lemma coord_cov_snoc:
  assumes "F \<in> unit_bounded" "valid_history K h" "a < K"
  shows "coord_cov a h F =
    lik_integral (h @ [(a, True)]) F * lik_integral (h @ [(a, False)]) (\<lambda>_. 1) -
    lik_integral (h @ [(a, False)]) F * lik_integral (h @ [(a, True)]) (\<lambda>_. 1)"
  using lik_integral_snoc_split[OF assms] lik_integral_snoc_split[OF unit_bounded_const assms(2,3), of 1]
    lik_integral_snoc_True[of h a F] lik_integral_snoc_True[of h a "\<lambda>_. 1"]
  by (simp add: coord_cov_def algebra_simps)

lemma coord_cov_best_arm_gain_nonneg:
  assumes i: "i < K" and j: "j < K" and a: "a < K" and h: "valid_history K h"
  shows "0 \<le> coord_cov a h (\<lambda>mu. of_bool (best_arm K mu = i)) * coord_cov a h (\<lambda>mu. mu i - mu j)"
proof -
  have B: "(\<lambda>mu. of_bool (best_arm K mu = i)) \<in> unit_bounded"
    by (rule unit_bounded_best_arm)
  have G: "(\<lambda>mu. mu i - mu j) \<in> unit_bounded"
    using i j by (rule unit_bounded_coord_diff)
  consider "i = j" | "a = i" "i \<noteq> j" | "a = j" "i \<noteq> j" | "a \<noteq> i" "a \<noteq> j"
    by blast
  then show ?thesis
  proof cases
    case 1
    then show ?thesis
      by (simp add: coord_cov_def lik_integral_def)
  next
    case 2
    have "mono (\<lambda>y. of_bool (best_arm K (mu(a := y)) = i) :: real)" for mu
      using 2 i by (auto simp: mono_def intro: best_arm_fun_upd_self_mono)
    moreover have "mono (\<lambda>y. (mu(a := y)) i - (mu(a := y)) j)" for mu :: "nat \<Rightarrow> real"
      using 2 by (auto simp: mono_def)
    ultimately show ?thesis
      using a h B G by (intro mult_nonneg_nonneg coord_cov_nonneg)
  next
    case 3
    have "antimono (\<lambda>y. of_bool (best_arm K (mu(a := y)) = i) :: real)" for mu
      using 3 i by (auto simp: antimono_def intro: best_arm_fun_upd_other_antimono)
    moreover have "antimono (\<lambda>y. (mu(a := y)) i - (mu(a := y)) j)" for mu :: "nat \<Rightarrow> real"
      using 3 by (auto simp: antimono_def)
    ultimately show ?thesis
      using a h B G by (intro mult_nonpos_nonpos coord_cov_nonpos)
  next
    case 4
    then have "coord_cov a h (\<lambda>mu. mu i - mu j) = 0"
      using a h G by (intro coord_cov_eq_0) auto
    then show ?thesis
      by simp
  qed
qed

lemma posterior_best_eq:
  "posterior_best K P h a = lik_integral h (\<lambda>mu. of_bool (best_arm K mu = a)) / lik_integral h (\<lambda>_. 1)"
proof -
  have "(\<lambda>mu. if best_arm K mu = a then lik h mu else 0) = (\<lambda>mu. of_bool (best_arm K mu = a) * lik h mu)"
    by auto
  then show ?thesis
    by (simp add: posterior_best_def lik_integral_def)
qed

lemma posterior_gain_le_snoc:
  assumes i: "i < K" and j: "j < K" and a: "a < K" and h: "valid_history K h"
  shows "posterior_best K P h i * lik_integral h (\<lambda>mu. mu i - mu j) \<le>
    posterior_best K P (h @ [(a, True)]) i * lik_integral (h @ [(a, True)]) (\<lambda>mu. mu i - mu j) +
    posterior_best K P (h @ [(a, False)]) i * lik_integral (h @ [(a, False)]) (\<lambda>mu. mu i - mu j)"
proof -
  define B :: "(nat \<Rightarrow> real) \<Rightarrow> real" where "B = (\<lambda>mu. of_bool (best_arm K mu = i))"
  define G :: "(nat \<Rightarrow> real) \<Rightarrow> real" where "G = (\<lambda>mu. mu i - mu j)"
  define h1 where "h1 = h @ [(a, True)]"
  define h0 where "h0 = h @ [(a, False)]"
  have B: "B \<in> unit_bounded" and G: "G \<in> unit_bounded" and one: "(\<lambda>_. 1) \<in> unit_bounded"
    unfolding B_def G_def using i j by (simp_all add: unit_bounded_best_arm unit_bounded_coord_diff unit_bounded_const)
  have h1: "valid_history K h1" and h0: "valid_history K h0"
    using h a by (simp_all add: h1_def h0_def)
  have split: "lik_integral h F = lik_integral h1 F + lik_integral h0 F" if "F \<in> unit_bounded" for F
    unfolding h1_def h0_def using that h a by (rule lik_integral_snoc_split)
  have "(lik_integral h1 B + lik_integral h0 B) / (lik_integral h1 (\<lambda>_. 1) + lik_integral h0 (\<lambda>_. 1)) *
      (lik_integral h1 G + lik_integral h0 G) \<le>
    lik_integral h1 B / lik_integral h1 (\<lambda>_. 1) * lik_integral h1 G +
    lik_integral h0 B / lik_integral h0 (\<lambda>_. 1) * lik_integral h0 G"
  proof (rule ratio_mult_split_le)
    show "0 \<le> (lik_integral h1 B * lik_integral h0 (\<lambda>_. 1) - lik_integral h0 B * lik_integral h1 (\<lambda>_. 1)) *
        (lik_integral h1 G * lik_integral h0 (\<lambda>_. 1) - lik_integral h0 G * lik_integral h1 (\<lambda>_. 1))"
      using coord_cov_best_arm_gain_nonneg[OF i j a h, folded B_def G_def]
      unfolding coord_cov_snoc[OF B h a] coord_cov_snoc[OF G h a] h1_def h0_def .
  qed (use abs_lik_integral_le[OF B h1] abs_lik_integral_le[OF B h0]
        abs_lik_integral_le[OF G h1] abs_lik_integral_le[OF G h0] h1 h0 in
        \<open>auto intro!: lik_integral_nonneg simp: B_def\<close>)
  then show ?thesis
    unfolding posterior_best_eq B_def[symmetric] G_def[symmetric] h1_def[symmetric] h0_def[symmetric]
      split[OF B] split[OF G] split[OF one] .
qed

subsection \<open>Thompson sampling\<close>

lemma posterior_best_nonneg: "valid_history K h \<Longrightarrow> 0 \<le> posterior_best K P h a"
  unfolding posterior_best_eq by (intro divide_nonneg_nonneg lik_integral_nonneg) auto

lemma sum_posterior_best:
  assumes "0 < K" "valid_history K h" "0 < lik_integral h (\<lambda>_. 1)"
  shows "(\<Sum>a<K. posterior_best K P h a) = 1"
proof -
  have "(\<Sum>a<K. of_bool (best_arm K mu = a) :: real) = 1" for mu
    using best_arm_less[OF assms(1), of mu] by (simp add: of_bool_def sum.delta)
  then have "(\<Sum>a<K. lik_integral h (\<lambda>mu. of_bool (best_arm K mu = a))) = lik_integral h (\<lambda>_. 1)"
    using lik_integral_sum[where A = "{..<K}" and f = "\<lambda>a mu. of_bool (best_arm K mu = a)",
        OF unit_bounded_best_arm assms(2)]
    by simp
  then show ?thesis
    using assms(3) by (simp add: posterior_best_eq flip: sum_divide_distrib)
qed

lemma integral_prior_coord:
  assumes "i < K"
  shows "(\<integral>mu. mu i \<partial>prior K P) = (\<integral>x. x \<partial>P i)"
proof -
  have "(\<integral>x. x \<partial>P_ext i) = (\<integral>x. x \<partial>distr (PiM {..<K} P_ext) (P_ext i) (\<lambda>mu. mu i))"
    using assms prob_space_P_ext by (subst distr_PiM_component) auto
  also have "\<dots> = (\<integral>mu. mu i \<partial>PiM {..<K} P_ext)"
    using assms measurable_ident_sets[OF sets_P_ext[of i]] by (intro integral_distr) auto
  finally show ?thesis
    using assms by (simp add: prior_eq_PiM_P_ext P_ext_eq)
qed

definition ts_choices_prob :: "(nat \<times> bool) list \<Rightarrow> real" where
  "ts_choices_prob h = (\<Prod>s<length h. posterior_best K P (take s h) (fst (h ! s)))"

lemma ts_hist_prob_eq: "ts_hist_prob K P mu h = ts_choices_prob h * lik h mu"
  unfolding ts_hist_prob_def ts_choices_prob_def lik_conv_nth prod.distrib ..

lemma ts_choices_prob_snoc: "ts_choices_prob (h @ [x]) = ts_choices_prob h * posterior_best K P h (fst x)"
proof -
  have "(\<Prod>s<length h. posterior_best K P (take s (h @ [x])) (fst ((h @ [x]) ! s))) =
      (\<Prod>s<length h. posterior_best K P (take s h) (fst (h ! s)))"
    by (rule prod.cong) (auto simp: nth_append)
  then show ?thesis
    by (simp add: ts_choices_prob_def)
qed

lemma ts_choices_prob_nonneg: "valid_history K h \<Longrightarrow> 0 \<le> ts_choices_prob h"
  unfolding ts_choices_prob_def
  by (intro prod_nonneg posterior_best_nonneg) (auto simp: valid_history_def dest: in_set_takeD)

text \<open>\<open>ts_gain i j h\<close> is the expectation of \<open>mu i - mu j\<close> on the event that Thompson sampling
  produces the history \<open>h\<close> and then recommends \<open>i\<close>.\<close>

definition ts_gain :: "nat \<Rightarrow> nat \<Rightarrow> (nat \<times> bool) list \<Rightarrow> real" where
  "ts_gain i j h = ts_choices_prob h * posterior_best K P h i * lik_integral h (\<lambda>mu. mu i - mu j)"

lemma integral_gain_ts_rec_prob:
  assumes "i < K" "j < K"
  shows "(\<integral>mu. (mu i - mu j) * ts_rec_prob K P mu n i \<partial>prior K P) = (\<Sum>h\<in>histories K n. ts_gain i j h)"
proof -
  have "(\<lambda>mu. (mu i - mu j) * ts_rec_prob K P mu n i) = (\<lambda>mu. \<Sum>h\<in>histories K n.
      ts_choices_prob h * posterior_best K P h i * ((mu i - mu j) * lik h mu))"
    unfolding ts_rec_prob_def ts_hist_prob_eq by (simp add: sum_distrib_left mult_ac)
  moreover have "integrable (prior K P) (\<lambda>mu. (mu i - mu j) * lik h mu)" if "h \<in> histories K n" for h
    using that assms by (intro integrable_lik unit_bounded_coord_diff) (simp_all add: histories_iff)
  ultimately show ?thesis
    by (simp add: ts_gain_def lik_integral_def)
qed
————
From the records above, reproduce exactly the lines from the one with "split[OF B] split[OF G] split[OF one] ." to the one with "using best_arm_less[OF assms(1), of", both included, and no others.

» **Answer**:
      split[OF B] split[OF G] split[OF one] .
qed

subsection \<open>Thompson sampling\<close>

lemma posterior_best_nonneg: "valid_history K h \<Longrightarrow> 0 \<le> posterior_best K P h a"
  unfolding posterior_best_eq by (intro divide_nonneg_nonneg lik_integral_nonneg) auto

lemma sum_posterior_best:
  assumes "0 < K" "valid_history K h" "0 < lik_integral h (\<lambda>_. 1)"
  shows "(\<Sum>a<K. posterior_best K P h a) = 1"
proof -
  have "(\<Sum>a<K. of_bool (best_arm K mu = a) :: real) = 1" for mu
    using best_arm_less[OF assms(1), of mu] by (simp add: of_bool_def sum.delta)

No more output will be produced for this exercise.